» PROBLEM TO WORK ON
Starting with the first line, output the data exactly through to the end.
***** DATA EXTRACT
theorem lemma3p2:
  fixes e :: "nat \<Rightarrow> 'a::banach"
    and es :: "nat \<Rightarrow> ('a \<Rightarrow>\<^sub>L real)"
    and \<Lambda> :: "nat set"
    and \<eta> :: real
    and \<phi> :: "('a \<Rightarrow>\<^sub>L real) \<Rightarrow>\<^sub>L real"
  assumes "schauder_basis e"
    and "\<forall>j. norm (e j) = 1"
    and "coordinate_functionals e es"
    and "unconditional_basis e es"
    and "weak_star_schauder_basis e es"
    and "unconditional_weak_star e es"
    and "condition_C e es"
    and "infinite \<Lambda>"
    and "\<eta> > 0"
  shows "\<exists>\<A>. \<A> \<subseteq> \<Lambda> \<and> infinite \<A> \<and>
           (\<forall>xs :: 'a \<Rightarrow>\<^sub>L real. norm xs \<le> 1 \<longrightarrow>
              \<bar>blinfun_apply \<phi> (proj e es \<A> xs)\<bar> \<le> \<eta>)"
proof (rule ccontr)
  assume "\<not> ?thesis"
  then have large: "\<exists>xs. norm xs \<le> 1 \<and> \<eta> < \<bar>blinfun_apply \<phi> (proj e es A xs)\<bar>"
    if "A \<subseteq> \<Lambda>" "infinite A" for A
    using that by (auto simp: not_le)
  obtain C where "C \<ge> 1" and unconditional: "unconditional_weak_star_const C e es"
    using assms(6) unfolding unconditional_weak_star_iff by blast
  define \<theta> where "\<theta> = \<eta> / ((norm \<phi> + 1) * C)"
  have "\<theta> > 0"
    unfolding \<theta>_def using assms(9) \<open>C \<ge> 1\<close> by (simp add: add_nonneg_pos)
  with \<open>C \<ge> 1\<close> have "\<eta> \<le> norm \<phi> * (C * \<theta>)"
    using condition_C_lower_bound[OF assms(1,3,5) unconditional _ assms(7,8) _ large] by simp
  also have "\<dots> = \<eta> * (norm \<phi> / (norm \<phi> + 1))"
    using \<open>C \<ge> 1\<close> by (simp add: \<theta>_def add_nonneg_pos)
  also have "\<dots> < \<eta> * 1"
    by (intro mult_strict_left_mono assms(9)) (simp add: add_nonneg_pos)
  finally show False by simp
qed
**********
» REPLY TO THE EXERCISE
theorem lemma3p2:
  fixes e :: "nat \<Rightarrow> 'a::banach"
    and es :: "nat \<Rightarrow> ('a \<Rightarrow>\<^sub>L real)"
    and \<Lambda> :: "nat set"
    and \<eta> :: real
    and \<phi> :: "('a \<Rightarrow>\<^sub>L real) \<Rightarrow>\<^sub>L real"
  assumes "schauder_basis e"
    and "\<forall>j. norm (e j) = 1"
    and "coordinate_functionals e es"
    and "unconditional_basis e es"
    and "weak_star_schauder_basis e es"
    and "unconditional_weak_star e es"
    and "condition_C e es"
    and "infinite \<Lambda>"
    and "\<eta> > 0"
  shows "\<exists>\<A>. \<A> \<subseteq> \<Lambda> \<and> infinite \<A> \<and>
           (\<forall>xs :: 'a \<Rightarrow>\<^sub>L real. norm xs \<le> 1 \<longrightarrow>
              \<bar>blinfun_apply \<phi> (proj e es \<A> xs)\<bar> \<le> \<eta>)"
proof (rule ccontr)
  assume "\<not> ?thesis"
  then have large: "\<exists>xs. norm xs \<le> 1 \<and> \<eta> < \<bar>blinfun_apply \<phi> (proj e es A xs)\<bar>"
    if "A \<subseteq> \<Lambda>" "infinite A" for A
    using that by (auto simp: not_le)
  obtain C where "C \<ge> 1" and unconditional: "unconditional_weak_star_const C e es"
    using assms(6) unfolding unconditional_weak_star_iff by blast
  define \<theta> where "\<theta> = \<eta> / ((norm \<phi> + 1) * C)"
  have "\<theta> > 0"
    unfolding \<theta>_def using assms(9) \<open>C \<ge> 1\<close> by (simp add: add_nonneg_pos)
  with \<open>C \<ge> 1\<close> have "\<eta> \<le> norm \<phi> * (C * \<theta>)"
    using condition_C_lower_bound[OF assms(1,3,5) unconditional _ assms(7,8) _ large] by simp
  also have "\<dots> = \<eta> * (norm \<phi> / (norm \<phi> + 1))"
    using \<open>C \<ge> 1\<close> by (simp add: \<theta>_def add_nonneg_pos)
  also have "\<dots> < \<eta> * 1"
    by (intro mult_strict_left_mono assms(9)) (simp add: add_nonneg_pos)
  finally show False by simp
qed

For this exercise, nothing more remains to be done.